##### DATASET RECORDS

lemma closure_meets_cbox:
  fixes G :: "'a::euclidean_space set"
  assumes near: "\<And>e. 0 < e \<Longrightarrow> \<exists>x\<in>G. x \<in> cbox a (b + e *\<^sub>R One)"
  shows "\<exists>l\<in>closure G. l \<in> cbox a b"
proof -
  have widen: "cbox a (b + d *\<^sub>R One) \<subseteq> cbox a (b + e *\<^sub>R One)" if "d \<le> e" for d e :: real
    using that by (fastforce simp: mem_box inner_add_left)
  obtain x where x: "\<And>n. x n \<in> G" "\<And>n. x n \<in> cbox a (b + inverse (Suc n) *\<^sub>R One)"
    using near[of "inverse (Suc _)"] by (metis of_nat_0_less_iff positive_imp_inverse_positive zero_less_Suc)
  have "\<forall>n. x n \<in> cbox a (b + 1 *\<^sub>R One)"
    using x(2) widen[of "inverse (Suc _)" 1] by (auto simp: inverse_le_1_iff)
  then obtain l r where r: "strict_mono r" and lim: "(x \<circ> r) \<longlonglongrightarrow> l"
    using seq_compactE[OF compact_imp_seq_compact[OF compact_cbox]] by metis
  have "l \<in> closure G"
    unfolding closure_sequential using x(1) lim by (intro exI[of _ "x \<circ> r"]) auto
  moreover have "l \<in> cbox a (b + e *\<^sub>R One)" if "0 < e" for e
  proof (rule Lim_in_closed_set[OF closed_cbox _ _ lim])
    obtain N where N: "inverse (Suc N) < e"
      using reals_Archimedean \<open>0 < e\<close> by blast
    have "x (r n) \<in> cbox a (b + e *\<^sub>R One)" if "N \<le> n" for n
    proof -
      have "inverse (real (Suc (r n))) \<le> inverse (Suc N)"
        using seq_suble[OF r, of n] that by (simp add: le_imp_inverse_le)
      then show ?thesis using x(2) widen N by (meson less_imp_le order_trans subsetD)
    qed
    then show "\<forall>\<^sub>F n in sequentially. (x \<circ> r) n \<in> cbox a (b + e *\<^sub>R One)"
      by (auto simp: eventually_sequentially)
  qed simp
  then have "l \<in> cbox a b"
    by (auto simp: mem_box inner_add_left intro: field_le_epsilon)
  ultimately show ?thesis by blast
qed

lemma continuous_on_connected_avoids:
  fixes f :: "'a::topological_space \<Rightarrow> 'b::linorder_topology"
  assumes "continuous_on S f" "connected S" "\<And>x. x \<in> S \<Longrightarrow> f x \<noteq> c"
  shows "(\<forall>x\<in>S. f x < c) \<or> (\<forall>x\<in>S. c < f x)"
proof (rule ccontr)
  assume "\<not> ?thesis"
  then obtain x y where "x \<in> S" "y \<in> S" "f x \<le> c" "c \<le> f y"
    by (auto simp: not_less)
  then have "c \<in> f ` S"
    using connectedD_interval[OF connected_continuous_image[OF assms(1,2)]] by blast
  then show False using assms(3) by blast
qed

lemma curve_meets_cbox_if_approx:
  fixes g :: "real \<Rightarrow> real \<times> real"
  assumes nonneg: "\<And>q. 0 < q \<Longrightarrow> g q \<in> quadrant"
    and approx: "\<And>e. 0 < e \<Longrightarrow> \<exists>q>0. fst (g q) \<le> a + e \<and> snd (g q) \<le> b + e"
  shows "\<exists>l\<in>closure (g ` {0<..}). l \<in> cbox 0 (a, b)"
proof (rule closure_meets_cbox)
  fix e :: real assume "0 < e"
  then obtain q where q: "0 < q" "fst (g q) \<le> a + e" "snd (g q) \<le> b + e"
    using approx by blast
  then have "g q \<in> cbox 0 (a + e, b + e)"
    using nonneg[OF q(1)] by (cases "g q") (auto simp: quadrant_def zero_prod_def)
  then show "\<exists>x\<in>g ` {0<..}. x \<in> cbox 0 ((a, b) + e *\<^sub>R One)"
    using q(1) by (auto simp: Basis_prod_def)
qed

##########

TRY IT: Quote the listing word for word from its first line through the line in which "using that by" appears.

RESPONSE TO THE EXERCISE:
lemma closure_meets_cbox:
  fixes G :: "'a::euclidean_space set"
  assumes near: "\<And>e. 0 < e \<Longrightarrow> \<exists>x\<in>G. x \<in> cbox a (b + e *\<^sub>R One)"
  shows "\<exists>l\<in>closure G. l \<in> cbox a b"
proof -
  have widen: "cbox a (b + d *\<^sub>R One) \<subseteq> cbox a (b + e *\<^sub>R One)" if "d \<le> e" for d e :: real
    using that by (fastforce simp: mem_box inner_add_left)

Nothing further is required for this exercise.